Session:  C17 – Pediatric Impact of COVID-19 and Other Respiratory Infections
Clinical Prediction Tool for Prioritizing Respiratory Syncytial Virus Prevention Products for High-Risk Infants During Current Limited Availability of Nirsevimab in the United States
Date and Time: Tuesday, May 21, 2024, 9:39 a.m. PT
Location:  San Diego Convention Center, Room 6D (Upper Level)

 

Newswise — ATS 2024, San Diego – On the heels of a shortage of nirsevimab for infant respiratory syncytial virus (RSV) lower respiratory tract infection (LRTI) prevention, a new tool may help identify newborns at highest risk for developing serious RSV LRTI, according to research published at the ATS 2024 International Conference.  

“Timely identification of infants at highest risk of RSV-related morbidity is key to prevention,” said lead author Brittney M. Snyder, PhD, assistant professor, Division of Allergy, Pulmonary and Critical Care Medicine, Vanderbilt University Medical Center. “Our personalized risk prediction tool may have applications in allocating expensive and/or limited immunoprophylaxis (immunization with nirsevimab or palivizumab) to achieve the greatest benefit and in promoting RSV prevention among families with high-risk infants.”

More than half of RSV LRTIs are among healthy, term infants who are generally considered low risk. These infants are, in fact, at risk for requiring intensive care unit -level care, and some may die from their illness. Early immunization with nirsevimab is recommended for all infants by the Centers for Disease Control & Prevention, yet in October 2023 nirsevimab was in short supply and the CDC recommended giving it only to high-risk infants who weren’t eligible for immunization with palivizumab. Both products, which prevent RSV LRTI in newborns and young children, are monoclonal antibodies (nirsevimab is long-acting and only requires one dose, while palivizumab is short-acting and requires monthly injections during RSV season).

In the population-based study by Dr. Snyder and colleagues including children insured by the Tennessee Medicaid Program, the researchers assessed infants who did not receive RSV immunoprophylaxis in the first year of life.  They gathered demographic and clinical data from administrative health care encounters and linked birth certificates.  “To predict whether these infants developed severe RSV LRTI requiring ICU admission during the first year of life, we developed a multivariable logistic regression model. The model includes demographic and clinical variables collected at or shortly after birth–19 variables in all, such as prenatal smoking, delivery method, maternal age and assisted breathing (ventilation) during birth hospitalization,” said lead biostatistician Tebeb Gebretsadik, MPH, Department of Biostatistics, Vanderbilt University Medical Center. 

Among 429,365 infants in the study, 713 had severe RSV LRTI requiring ICU admission. The tool had good predictive accuracy and internal validation that indicated a good fit. 

“Our objective was to develop a personalized tool for use in all newborns using readily available birth and postnatal data to predict risk of RSV LRTI requiring ICU admission, useful for prioritizing RSV prevention products with limited availability,” said Principal Investigator Tina V. Hartert, MD, MPH, professor of medicine and pediatrics at Vanderbilt University Medical Center. Even though the recent nirsevimab shortage has, fortunately, eased up, it is not known whether shortages will occur in the future. “This tool may be particularly helpful in prioritizing which infants should be immunized during times of limited availability of RSV prevention medicines. Using the tool to identify if their infant is at high risk for RSV infection requiring ICU care may also persuade vaccine-hesitant families to accept RSV immunoprophylaxis, by showing them their newborn is at high risk,” she added. 

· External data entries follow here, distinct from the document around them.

(* Let $(\mu_\rho)_{0<\rho<1}$ be a family of translation invariant product probability measures on $\mathbb{N}^{\mathbb{Z}^d}$ satisfying: (i) $G_\rho(t)=\mathbb{E}_{\mu_\rho}(e^{t\eta(0)})<\infty$ for all $t\in\mathbb{R}$; (ii) $\mathbb{E}_{\mu_\rho}(\eta(0))=\rho$; (iii) whenever $a_\rho\ge0$ with $a_\rho\to\infty$ as $\rho\to0$, also $\sup\{x:G_\rho(x)\le a_\rho\}\to\infty$ as $\rho\to0$. Then for all $\rho$ sufficiently small there is a constant $\gamma_d=\gamma_d(d,\rho)>0$ such that for all $n$, $\mathbb{P}_{\mu_\rho}(|\mathcal{W}_\infty(0)|\ge n)\le e^{-\gamma_dn}$.
   Context: Sandpile model on $\mathbb{Z}^d$: $\eta\in\mathbb{N}^{\mathbb{Z}^d}$, site $x$ unstable if $\eta(x)\ge 2d$; toppling $x$ removes $2d$ grains from $x$ and adds one to each of its $2d$ nearest neighbors. A configuration $\eta$ is stabilizable if there is a legal toppling procedure (topplings of unstable sites only, occurring at times in $[0,\infty)$, finitely many per site in bounded time, no infinite backward chain of topplings at neighboring sites at decreasing times) in which every site topples finitely often and the final configuration $\eta_\infty$ is stable ($\eta_\infty(x)\le 2d-1$ for all $x$); the number of topplings at each site and $\eta_\infty$ do not depend on the stabilizing procedure. (Translation invariant measures with density $<d$ are known to be stabilizable.) For stabilizable $\eta$, let $\mathcal{T}_\infty$ be the set of sites that topple at least once during stabilization, $\mathcal{V}_\infty=\{x:\eta_\infty(x)>0\}$, $\mathcal{W}_\infty=\mathcal{T}_\infty\cup\mathcal{V}_\infty$, and $\mathcal{W}_\infty(0)$ the connected component (nearest-neighbor adjacency) of $\mathcal{W}_\infty$ containing the origin (empty if $0\notin\mathcal{W}_\infty$); $|\cdot|$ denotes cardinality. *)

theory Defs
  imports "HOL-Probability.Probability"
begin

text \<open>Sites of the lattice Z^d are integer vectors indexed by a finite type 'd,
  so d = CARD('d). Configurations are maps from sites to nat.\<close>

type_synonym 'd site = "int ^ 'd"
type_synonym 'd config = "'d site \<Rightarrow> nat"

definition adj :: "'d::finite site \<Rightarrow> 'd site \<Rightarrow> bool" where
  "adj x y \<longleftrightarrow> (\<Sum>i\<in>UNIV. \<bar>x $ i - y $ i\<bar>) = 1"

definition nbrs :: "'d::finite site \<Rightarrow> 'd site set" where
  "nbrs x = {y. adj x y}"

text \<open>A toppling procedure: T x is the set of times at which site x topples.
  The configuration just before time s (topplings at times strictly before s counted).\<close>

definition before :: "'d::finite config \<Rightarrow> ('d site \<Rightarrow> real set) \<Rightarrow> real \<Rightarrow> 'd site \<Rightarrow> int" where
  "before \<eta> T s x = int (\<eta> x) - 2 * int CARD('d) * int (card {t \<in> T x. t < s})
      + (\<Sum>y\<in>nbrs x. int (card {t \<in> T y. t < s}))"

definition legal_procedure :: "'d::finite config \<Rightarrow> ('d site \<Rightarrow> real set) \<Rightarrow> bool" where
  "legal_procedure \<eta> T \<longleftrightarrow>
     (\<forall>x. T x \<subseteq> {0..}) \<and>
     (\<forall>x t. finite (T x \<inter> {0..t})) \<and>
     (\<forall>x s. s \<in> T x \<longrightarrow> before \<eta> T s x \<ge> 2 * int CARD('d)) \<and>
     \<not> (\<exists>xs ts :: nat \<Rightarrow> _. \<forall>k. ts k \<in> T (xs k) \<and> adj (xs k) (xs (Suc k)) \<and> ts (Suc k) < ts k)"

definition final_config :: "'d::finite config \<Rightarrow> ('d site \<Rightarrow> real set) \<Rightarrow> 'd site \<Rightarrow> int" where
  "final_config \<eta> T x = int (\<eta> x) - 2 * int CARD('d) * int (card (T x))
      + (\<Sum>y\<in>nbrs x. int (card (T y)))"

definition stabilizing :: "'d::finite config \<Rightarrow> ('d site \<Rightarrow> real set) \<Rightarrow> bool" where
  "stabilizing \<eta> T \<longleftrightarrow> legal_procedure \<eta> T \<and> (\<forall>x. finite (T x)) \<and>
      (\<forall>x. final_config \<eta> T x \<le> 2 * int CARD('d) - 1)"

definition stabilizable :: "'d::finite config \<Rightarrow> bool" where
  "stabilizable \<eta> \<longleftrightarrow> (\<exists>T. stabilizing \<eta> T)"

text \<open>Odometer and final configuration do not depend on the stabilizing procedure
  (known fact), so we may pick any one.\<close>

definition stab_proc :: "'d::finite config \<Rightarrow> 'd site \<Rightarrow> real set" where
  "stab_proc \<eta> = (SOME T. stabilizing \<eta> T)"

definition T_inf :: "'d::finite config \<Rightarrow> 'd site set" where
  "T_inf \<eta> = {x. stab_proc \<eta> x \<noteq> {}}"

definition V_inf :: "'d::finite config \<Rightarrow> 'd site set" where
  "V_inf \<eta> = {x. final_config \<eta> (stab_proc \<eta>) x > 0}"

definition W_inf :: "'d::finite config \<Rightarrow> 'd site set" where
  "W_inf \<eta> = T_inf \<eta> \<union> V_inf \<eta>"

definition component :: "'d::finite site set \<Rightarrow> 'd site \<Rightarrow> 'd site set" where
  "component W z = (if z \<in> W then {y. (z, y) \<in> {(a, b). a \<in> W \<and> b \<in> W \<and> adj a b}\<^sup>*} else {})"

definition W_inf0 :: "'d::finite config \<Rightarrow> 'd site set" where
  "W_inf0 \<eta> = component (W_inf \<eta>) 0"

definition prod_measure :: "nat pmf \<Rightarrow> ('d::finite config) measure" where
  "prod_measure p = PiM UNIV (\<lambda>_. measure_pmf p)"

definition mgf :: "nat pmf \<Rightarrow> real \<Rightarrow> real" where
  "mgf p t = measure_pmf.expectation p (\<lambda>k. exp (t * real k))"

end

theory Submission
  imports Defs "HOL-Real_Asymp.Real_Asymp"
begin

text \<open>
  Every finite connected set \<open>C\<close> of sites that topple, hold grains at the end, or neighbour a
  toppling site lies in a connected set \<open>G\<close> with \<open>|G| \<le> 2 \<Sum>x\<in>G. \<eta> x\<close>: close \<open>C\<close> under
  toppling sites and their neighbours; in the closure every site left empty has toppled, its
  neighbour in a fixed direction ends up occupied, and conservation of grains bounds the number
  of occupied sites by the initial mass of \<open>G\<close>.

  A connected set of \<open>m\<close> sites containing a given site is traced by a walk of \<open>2 (m - 1)\<close> unit
  steps, so there are at most \<open>(2 d) ^ (2 m)\<close> of them, and by Chernoff's bound the probability
  that one of them has density at least \<open>1/2\<close> is at most \<open>q ^ m\<close> with
  \<open>q = 4 d\<^sup>2 exp (- s / 2) mgf s\<close>. The growth condition makes \<open>mgf s \<le> 2\<close> for small \<open>\<rho>\<close>, hence
  \<open>q \<le> 1/4\<close> for \<open>s = 2 ln (32 d\<^sup>2)\<close>, and summing over sizes \<open>\<ge> n\<close> gives the tail \<open>2 ^ (- n)\<close>.
  By Borel-Cantelli, almost surely no site lies in dense connected sets of unbounded size; then
  parallel toppling stabilizes the configuration and the cluster of the origin is finite.
\<close>

definition unit_site :: "'d::finite \<Rightarrow> 'd site" where
  "unit_site i = (\<chi> j. if j = i then 1 else 0)"

definition unit_steps :: "'d::finite site set" where
  "unit_steps = range unit_site \<union> range (\<lambda>i. - unit_site i)"

lemma adj_commute: "adj x y \<longleftrightarrow> adj y x"
  unfolding adj_def by (simp add: abs_minus_commute)

lemma adj_add_unit_site: "adj x (x + unit_site i)"
proof -
  have "(\<Sum>j\<in>UNIV. \<bar>x $ j - (x + unit_site i) $ j\<bar>) = (\<Sum>j\<in>UNIV. if j = i then 1 else 0)"
    by (rule sum.cong) (auto simp: unit_site_def)
  then show ?thesis by (simp add: adj_def)
qed

lemma adj_imp_diff_in_unit_steps:
  assumes "adj x y"
  shows "y - x \<in> unit_steps"
proof -
  define f where "f j = \<bar>x $ j - y $ j\<bar>" for j
  have sum_f: "(\<Sum>j\<in>UNIV. f j) = 1"
    using assms by (simp add: adj_def f_def)
  then obtain i where "f i \<noteq> 0"
    by (metis sum.neutral zero_neq_one)
  then have "f i \<ge> 1"
    by (simp add: f_def)
  moreover have "(\<Sum>j\<in>UNIV. f j) = f i + (\<Sum>j\<in>UNIV - {i}. f j)"
    by (simp add: sum.remove)
  moreover have "(\<Sum>j\<in>UNIV - {i}. f j) \<ge> 0"
    by (simp add: f_def sum_nonneg)
  ultimately have "f i = 1" and "(\<Sum>j\<in>UNIV - {i}. f j) = 0"
    using sum_f by linarith+
  then have "\<forall>j. j \<noteq> i \<longrightarrow> f j = 0"
    by (subst (asm) sum_nonneg_eq_0_iff) (auto simp: f_def)
  then have "\<forall>j. j \<noteq> i \<longrightarrow> y $ j = x $ j" and "y $ i = x $ i + 1 \<or> y $ i = x $ i - 1"
    using \<open>f i = 1\<close> by (auto simp: f_def abs_if split: if_splits)
  then have "y - x = unit_site i \<or> y - x = - unit_site i"
    by (auto simp: vec_eq_iff unit_site_def)
  then show ?thesis
    by (auto simp: unit_steps_def)
qed

lemma card_unit_steps_le: "card (unit_steps :: 'd::finite site set) \<le> 2 * CARD('d)"
proof -
  have "card (unit_steps :: 'd site set)
      \<le> card (range (unit_site :: 'd \<Rightarrow> _)) + card (range (\<lambda>i::'d. - unit_site i))"
    unfolding unit_steps_def by (rule card_Un_le)
  also have "\<dots> \<le> CARD('d) + CARD('d)"
    by (intro add_mono card_image_le) auto
  finally show ?thesis by simp
qed

lemma finite_unit_steps [simp]: "finite (unit_steps :: 'd::finite site set)"
  by (simp add: unit_steps_def)

lemma in_nbrs_iff: "y \<in> nbrs x \<longleftrightarrow> adj x y"
  by (simp add: nbrs_def)

lemma nbrs_subset_unit_steps: "nbrs x \<subseteq> (+) x ` unit_steps"
proof
  fix y assume "y \<in> nbrs x"
  then have "y - x \<in> unit_steps"
    by (simp add: in_nbrs_iff adj_imp_diff_in_unit_steps)
  then show "y \<in> (+) x ` unit_steps"
    by (force intro: image_eqI[of _ _ "y - x"])
qed

lemma finite_nbrs [simp]: "finite (nbrs x)"
  using nbrs_subset_unit_steps by (rule finite_subset) simp

lemma card_nbrs_le: "card (nbrs (x :: 'd::finite site)) \<le> 2 * CARD('d)"
proof -
  have "card (nbrs x) \<le> card ((+) x ` unit_steps)"
    by (rule card_mono[OF _ nbrs_subset_unit_steps]) simp
  also have "\<dots> \<le> card (unit_steps :: 'd site set)"
    by (rule card_image_le) simp
  finally show ?thesis
    using card_unit_steps_le by (rule order.trans)
qed

section \<open>Connected sets of sites\<close>

definition edges_in :: "'d::finite site set \<Rightarrow> ('d site \<times> 'd site) set" where
  "edges_in C = {(a, b). a \<in> C \<and> b \<in> C \<and> adj a b}"

definition connected_from :: "'d::finite site set \<Rightarrow> 'd site \<Rightarrow> bool" where
  "connected_from C z \<longleftrightarrow> z \<in> C \<and> (\<forall>y\<in>C. (z, y) \<in> (edges_in C)\<^sup>*)"

definition animals :: "'d::finite site \<Rightarrow> nat \<Rightarrow> 'd site set set" where
  "animals z m = {G. finite G \<and> connected_from G z \<and> card G = m}"

lemma component_eq: "component W z = (if z \<in> W then {y. (z, y) \<in> (edges_in W)\<^sup>*} else {})"
  by (simp add: component_def edges_in_def)

lemma rtrancl_edges_in_mono: "C \<subseteq> G \<Longrightarrow> (edges_in C)\<^sup>* \<subseteq> (edges_in G)\<^sup>*"
  by (rule rtrancl_mono) (auto simp: edges_in_def)

lemma connected_from_singleton: "connected_from {z} z"
  by (simp add: connected_from_def)

lemma connected_from_Un:
  assumes "connected_from A z" "connected_from B z"
  shows "connected_from (A \<union> B) z"
  using assms rtrancl_edges_in_mono[of A "A \<union> B"] rtrancl_edges_in_mono[of B "A \<union> B"]
  unfolding connected_from_def by blast

lemma connected_from_UN:
  assumes "finite Y" "\<And>y. y \<in> Y \<Longrightarrow> connected_from (C y) z"
  shows "connected_from ({z} \<union> (\<Union>y\<in>Y. C y)) z"
  using assms
proof (induction Y rule: finite_induct)
  case empty
  then show ?case by (simp add: connected_from_singleton)
next
  case (insert y Y)
  then have "connected_from (({z} \<union> (\<Union>y\<in>Y. C y)) \<union> C y) z"
    by (intro connected_from_Un[of "{z} \<union> (\<Union>y\<in>Y. C y)"]) auto
  then show ?case by (simp add: Un_ac)
qed

lemma connected_from_insert_adj:
  assumes "connected_from C z" "y \<in> C" "adj y b"
  shows "connected_from (insert b C) z"
proof -
  have "(z, y) \<in> (edges_in (insert b C))\<^sup>*"
    using assms rtrancl_edges_in_mono[of C "insert b C"] by (auto simp: connected_from_def)
  moreover have "(y, b) \<in> edges_in (insert b C)"
    using assms by (auto simp: edges_in_def)
  ultimately have "(z, b) \<in> (edges_in (insert b C))\<^sup>*"
    by (rule rtrancl_into_rtrancl)
  then show ?thesis
    using assms rtrancl_edges_in_mono[of C "insert b C"] by (auto simp: connected_from_def)
qed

“To ensure compatibility with nirsevimab and maternal vaccination, our tool was developed for use in all infants,” concluded co-author Niek Achten, MD, postdoctoral fellow in pediatrics, Erasmus University Medical Center, Rotterdam, Netherlands, who imagined the need for such a tool. “In addition to use in the United States during times of limited availability, our tool may prove useful in countries with budgetary constraints needing to prioritize administration to the highest risk infants.”

The authors note that next steps to ensure optimal usefulness include validation of the tool in external populations, further cost-effectiveness analyses and decision curve analyses.